→ **Aim of the task**: Each record below needs to be written out exactly as it reads.

### Working data ###

(* Let $n\ge2$, let $I\subseteq[0,\infty)$ be an interval with non-empty interior, let $\tilde{\mathbf{P}}$ be a generalized $n$-system on $I$, and let $D$ be a discrete subset of $I$. Then there exists an $n$-system $\mathbf{P}$ on $I$ such that $\mathbf{P}(t)=\tilde{\mathbf{P}}(t)$ for every $t\in D$.
   Context: Let $I\subseteq[0,\infty)$ be an interval with non-empty interior. A map $\mathbf{P}\colon I\to\mathbb{R}^n$ is continuous piecewise linear if it is continuous, the set $D$ of points of $I$ where it is not differentiable (including the endpoints of $I$ that lie in $I$) is discrete in $I$, and its derivative is locally constant on $I\setminus D$. An $n$-system on $I$ is a continuous piecewise linear map $\mathbf{P}=(P_1,\dots,P_n)\colon I\to\mathbb{R}^n$ such that: (S1) for each $q\in I$, $0\le P_1(q)\le\cdots\le P_n(q)$ and $P_1(q)+\cdots+P_n(q)=q$; (S2) on each non-empty open subinterval $H$ of $I$ on which $\mathbf{P}$ is differentiable, there is $r\in\{1,\dots,n\}$ such that $P_r$ has slope $1$ on $H$ and all $P_j$ with $j\ne r$ are constant on $H$; (S3) if $q$ is an interior point of $I$ where $\mathbf{P}$ is not differentiable and the integers $r,s$ with $P_r'(q^-)=P_s'(q^+)=1$ satisfy $r<s$, then $P_r(q)=P_{r+1}(q)=\cdots=P_s(q)$. A generalized $n$-system on $I$ is a continuous piecewise linear map $\mathbf{P}=(P_1,\dots,P_n)\colon I\to\mathbb{R}^n$ such that: (G1) for each $q\in I$, $0\le P_1(q)\le\cdots\le P_n(q)$ and $P_1(q)+\cdots+P_n(q)=q$; (G2) on each non-empty open subinterval $H$ of $I$ on which $\mathbf{P}$ is differentiable, there are integers $1\le \underline{r}\le\overline{r}\le n$ such that $P_{\underline r},\dots,P_{\overline r}$ coincide on $H$ and have slope $1/(\overline r-\underline r+1)$, while every other $P_j$ is constant on $H$; (G3) if $q$ is an interior point of $I$ where $\mathbf{P}$ is not differentiable, and $\underline r,\overline r,\underline s,\overline s$ are the integers with $P_j'(q^-)=1/(\overline r-\underline r+1)$ for $\underline r\le j\le\overline r$ and $P_j'(q^+)=1/(\overline s-\underline s+1)$ for $\underline s\le j\le \overline s$ (as in (G2) on the adjacent intervals), and if $\underline r<\overline s$, then $P_{\underline r}(q)=P_{\underline r+1}(q)=\cdots=P_{\overline s}(q)$. *)

theory Defs
  imports "HOL-Analysis.Analysis"
begin

text \<open>Maps I -> R^n are represented as P :: real => nat => real, the
  j-th coordinate at q being P q j for j in {1..n}; values outside I and
  indices outside {1..n} are irrelevant.\<close>

definition discrete_in :: "real set \<Rightarrow> real set \<Rightarrow> bool" where
  "discrete_in D I \<longleftrightarrow> (\<forall>x\<in>I. \<exists>e>0. finite (D \<inter> ball x e))"

definition comp :: "(real \<Rightarrow> nat \<Rightarrow> real) \<Rightarrow> nat \<Rightarrow> real \<Rightarrow> real" where
  "comp P j = (\<lambda>t. P t j)"

definition nondiff_set :: "nat \<Rightarrow> real set \<Rightarrow> (real \<Rightarrow> nat \<Rightarrow> real) \<Rightarrow> real set" where
  "nondiff_set n I P = {q\<in>I. q \<in> frontier I \<or> \<not> (\<forall>j\<in>{1..n}. comp P j differentiable (at q))}"

definition cont_pw_linear :: "nat \<Rightarrow> real set \<Rightarrow> (real \<Rightarrow> nat \<Rightarrow> real) \<Rightarrow> bool" where
  "cont_pw_linear n I P \<longleftrightarrow>
     (\<forall>j\<in>{1..n}. continuous_on I (comp P j)) \<and>
     discrete_in (nondiff_set n I P) I \<and>
     (\<forall>q\<in>I - nondiff_set n I P. \<exists>e>0. \<forall>x\<in>ball q e \<inter> I. x \<notin> nondiff_set n I P \<longrightarrow>
        (\<forall>j\<in>{1..n}. deriv (comp P j) x = deriv (comp P j) q))"

definition ordered_sum :: "nat \<Rightarrow> real set \<Rightarrow> (real \<Rightarrow> nat \<Rightarrow> real) \<Rightarrow> bool" where
  "ordered_sum n I P \<longleftrightarrow>
     (\<forall>q\<in>I. 0 \<le> P q 1 \<and> (\<forall>j\<in>{1..<n}. P q j \<le> P q (Suc j)) \<and> (\<Sum>j=1..n. P q j) = q)"

definition diff_subinterval :: "nat \<Rightarrow> real set \<Rightarrow> (real \<Rightarrow> nat \<Rightarrow> real) \<Rightarrow> real set \<Rightarrow> bool" where
  "diff_subinterval n I P H \<longleftrightarrow> is_interval H \<and> open H \<and> H \<noteq> {} \<and> H \<subseteq> I \<and>
     (\<forall>q\<in>H. \<forall>j\<in>{1..n}. comp P j differentiable (at q))"

definition n_system :: "nat \<Rightarrow> real set \<Rightarrow> (real \<Rightarrow> nat \<Rightarrow> real) \<Rightarrow> bool" where
  "n_system n I P \<longleftrightarrow> cont_pw_linear n I P \<and> ordered_sum n I P \<and>
     (\<forall>H. diff_subinterval n I P H \<longrightarrow>
        (\<exists>r\<in>{1..n}. (\<forall>x\<in>H. \<forall>y\<in>H. P y r - P x r = y - x) \<and>
                    (\<forall>j\<in>{1..n}. j \<noteq> r \<longrightarrow> (\<forall>x\<in>H. \<forall>y\<in>H. P y j = P x j)))) \<and>
     (\<forall>q\<in>interior I. q \<in> nondiff_set n I P \<longrightarrow>
        (\<forall>r\<in>{1..n}. \<forall>s\<in>{1..n}.
           (comp P r has_real_derivative 1) (at_left q) \<longrightarrow>
           (comp P s has_real_derivative 1) (at_right q) \<longrightarrow> r < s \<longrightarrow>
           (\<forall>j\<in>{r..s}. P q j = P q r)))"

definition gen_n_system :: "nat \<Rightarrow> real set \<Rightarrow> (real \<Rightarrow> nat \<Rightarrow> real) \<Rightarrow> bool" where
  "gen_n_system n I P \<longleftrightarrow> cont_pw_linear n I P \<and> ordered_sum n I P \<and>
     (\<forall>H. diff_subinterval n I P H \<longrightarrow>
        (\<exists>lr ur. 1 \<le> lr \<and> lr \<le> ur \<and> ur \<le> n \<and>
           (\<forall>j\<in>{lr..ur}. \<forall>x\<in>H. P x j = P x lr) \<and>
           (\<forall>j\<in>{lr..ur}. \<forall>x\<in>H. \<forall>y\<in>H. P y j - P x j = (y - x) / real (ur - lr + 1)) \<and>
           (\<forall>j\<in>{1..n}. j \<notin> {lr..ur} \<longrightarrow> (\<forall>x\<in>H. \<forall>y\<in>H. P y j = P x j)))) \<and>
     (\<forall>q\<in>interior I. q \<in> nondiff_set n I P \<longrightarrow>
        (\<forall>lr ur ls us. 1 \<le> lr \<longrightarrow> lr \<le> ur \<longrightarrow> ur \<le> n \<longrightarrow> 1 \<le> ls \<longrightarrow> ls \<le> us \<longrightarrow> us \<le> n \<longrightarrow>
           (\<forall>j\<in>{lr..ur}. (comp P j has_real_derivative 1 / real (ur - lr + 1)) (at_left q)) \<longrightarrow>
           (\<forall>j\<in>{ls..us}. (comp P j has_real_derivative 1 / real (us - ls + 1)) (at_right q)) \<longrightarrow>
           lr < us \<longrightarrow> (\<forall>j\<in>{lr..us}. P q j = P q lr)))"

end

theory Submission
  imports Defs
begin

###

→ **Task answer**:
(* Let $n\ge2$, let $I\subseteq[0,\infty)$ be an interval with non-empty interior, let $\tilde{\mathbf{P}}$ be a generalized $n$-system on $I$, and let $D$ be a discrete subset of $I$. Then there exists an $n$-system $\mathbf{P}$ on $I$ such that $\mathbf{P}(t)=\tilde{\mathbf{P}}(t)$ for every $t\in D$.
   Context: Let $I\subseteq[0,\infty)$ be an interval with non-empty interior. A map $\mathbf{P}\colon I\to\mathbb{R}^n$ is continuous piecewise linear if it is continuous, the set $D$ of points of $I$ where it is not differentiable (including the endpoints of $I$ that lie in $I$) is discrete in $I$, and its derivative is locally constant on $I\setminus D$. An $n$-system on $I$ is a continuous piecewise linear map $\mathbf{P}=(P_1,\dots,P_n)\colon I\to\mathbb{R}^n$ such that: (S1) for each $q\in I$, $0\le P_1(q)\le\cdots\le P_n(q)$ and $P_1(q)+\cdots+P_n(q)=q$; (S2) on each non-empty open subinterval $H$ of $I$ on which $\mathbf{P}$ is differentiable, there is $r\in\{1,\dots,n\}$ such that $P_r$ has slope $1$ on $H$ and all $P_j$ with $j\ne r$ are constant on $H$; (S3) if $q$ is an interior point of $I$ where $\mathbf{P}$ is not differentiable and the integers $r,s$ with $P_r'(q^-)=P_s'(q^+)=1$ satisfy $r<s$, then $P_r(q)=P_{r+1}(q)=\cdots=P_s(q)$. A generalized $n$-system on $I$ is a continuous piecewise linear map $\mathbf{P}=(P_1,\dots,P_n)\colon I\to\mathbb{R}^n$ such that: (G1) for each $q\in I$, $0\le P_1(q)\le\cdots\le P_n(q)$ and $P_1(q)+\cdots+P_n(q)=q$; (G2) on each non-empty open subinterval $H$ of $I$ on which $\mathbf{P}$ is differentiable, there are integers $1\le \underline{r}\le\overline{r}\le n$ such that $P_{\underline r},\dots,P_{\overline r}$ coincide on $H$ and have slope $1/(\overline r-\underline r+1)$, while every other $P_j$ is constant on $H$; (G3) if $q$ is an interior point of $I$ where $\mathbf{P}$ is not differentiable, and $\underline r,\overline r,\underline s,\overline s$ are the integers with $P_j'(q^-)=1/(\overline r-\underline r+1)$ for $\underline r\le j\le\overline r$ and $P_j'(q^+)=1/(\overline s-\underline s+1)$ for $\underline s\le j\le \overline s$ (as in (G2) on the adjacent intervals), and if $\underline r<\overline s$, then $P_{\underline r}(q)=P_{\underline r+1}(q)=\cdots=P_{\overline s}(q)$. *)

theory Defs
  imports "HOL-Analysis.Analysis"
begin

text \<open>Maps I -> R^n are represented as P :: real => nat => real, the
  j-th coordinate at q being P q j for j in {1..n}; values outside I and
  indices outside {1..n} are irrelevant.\<close>

definition discrete_in :: "real set \<Rightarrow> real set \<Rightarrow> bool" where
  "discrete_in D I \<longleftrightarrow> (\<forall>x\<in>I. \<exists>e>0. finite (D \<inter> ball x e))"

definition comp :: "(real \<Rightarrow> nat \<Rightarrow> real) \<Rightarrow> nat \<Rightarrow> real \<Rightarrow> real" where
  "comp P j = (\<lambda>t. P t j)"

definition nondiff_set :: "nat \<Rightarrow> real set \<Rightarrow> (real \<Rightarrow> nat \<Rightarrow> real) \<Rightarrow> real set" where
  "nondiff_set n I P = {q\<in>I. q \<in> frontier I \<or> \<not> (\<forall>j\<in>{1..n}. comp P j differentiable (at q))}"

definition cont_pw_linear :: "nat \<Rightarrow> real set \<Rightarrow> (real \<Rightarrow> nat \<Rightarrow> real) \<Rightarrow> bool" where
  "cont_pw_linear n I P \<longleftrightarrow>
     (\<forall>j\<in>{1..n}. continuous_on I (comp P j)) \<and>
     discrete_in (nondiff_set n I P) I \<and>
     (\<forall>q\<in>I - nondiff_set n I P. \<exists>e>0. \<forall>x\<in>ball q e \<inter> I. x \<notin> nondiff_set n I P \<longrightarrow>
        (\<forall>j\<in>{1..n}. deriv (comp P j) x = deriv (comp P j) q))"

definition ordered_sum :: "nat \<Rightarrow> real set \<Rightarrow> (real \<Rightarrow> nat \<Rightarrow> real) \<Rightarrow> bool" where
  "ordered_sum n I P \<longleftrightarrow>
     (\<forall>q\<in>I. 0 \<le> P q 1 \<and> (\<forall>j\<in>{1..<n}. P q j \<le> P q (Suc j)) \<and> (\<Sum>j=1..n. P q j) = q)"

definition diff_subinterval :: "nat \<Rightarrow> real set \<Rightarrow> (real \<Rightarrow> nat \<Rightarrow> real) \<Rightarrow> real set \<Rightarrow> bool" where
  "diff_subinterval n I P H \<longleftrightarrow> is_interval H \<and> open H \<and> H \<noteq> {} \<and> H \<subseteq> I \<and>
     (\<forall>q\<in>H. \<forall>j\<in>{1..n}. comp P j differentiable (at q))"

definition n_system :: "nat \<Rightarrow> real set \<Rightarrow> (real \<Rightarrow> nat \<Rightarrow> real) \<Rightarrow> bool" where
  "n_system n I P \<longleftrightarrow> cont_pw_linear n I P \<and> ordered_sum n I P \<and>
     (\<forall>H. diff_subinterval n I P H \<longrightarrow>
        (\<exists>r\<in>{1..n}. (\<forall>x\<in>H. \<forall>y\<in>H. P y r - P x r = y - x) \<and>
                    (\<forall>j\<in>{1..n}. j \<noteq> r \<longrightarrow> (\<forall>x\<in>H. \<forall>y\<in>H. P y j = P x j)))) \<and>
     (\<forall>q\<in>interior I. q \<in> nondiff_set n I P \<longrightarrow>
        (\<forall>r\<in>{1..n}. \<forall>s\<in>{1..n}.
           (comp P r has_real_derivative 1) (at_left q) \<longrightarrow>
           (comp P s has_real_derivative 1) (at_right q) \<longrightarrow> r < s \<longrightarrow>
           (\<forall>j\<in>{r..s}. P q j = P q r)))"

definition gen_n_system :: "nat \<Rightarrow> real set \<Rightarrow> (real \<Rightarrow> nat \<Rightarrow> real) \<Rightarrow> bool" where
  "gen_n_system n I P \<longleftrightarrow> cont_pw_linear n I P \<and> ordered_sum n I P \<and>
     (\<forall>H. diff_subinterval n I P H \<longrightarrow>
        (\<exists>lr ur. 1 \<le> lr \<and> lr \<le> ur \<and> ur \<le> n \<and>
           (\<forall>j\<in>{lr..ur}. \<forall>x\<in>H. P x j = P x lr) \<and>
           (\<forall>j\<in>{lr..ur}. \<forall>x\<in>H. \<forall>y\<in>H. P y j - P x j = (y - x) / real (ur - lr + 1)) \<and>
           (\<forall>j\<in>{1..n}. j \<notin> {lr..ur} \<longrightarrow> (\<forall>x\<in>H. \<forall>y\<in>H. P y j = P x j)))) \<and>
     (\<forall>q\<in>interior I. q \<in> nondiff_set n I P \<longrightarrow>
        (\<forall>lr ur ls us. 1 \<le> lr \<longrightarrow> lr \<le> ur \<longrightarrow> ur \<le> n \<longrightarrow> 1 \<le> ls \<longrightarrow> ls \<le> us \<longrightarrow> us \<le> n \<longrightarrow>
           (\<forall>j\<in>{lr..ur}. (comp P j has_real_derivative 1 / real (ur - lr + 1)) (at_left q)) \<longrightarrow>
           (\<forall>j\<in>{ls..us}. (comp P j has_real_derivative 1 / real (us - ls + 1)) (at_right q)) \<longrightarrow>
           lr < us \<longrightarrow> (\<forall>j\<in>{lr..us}. P q j = P q lr)))"

end

theory Submission
  imports Defs
begin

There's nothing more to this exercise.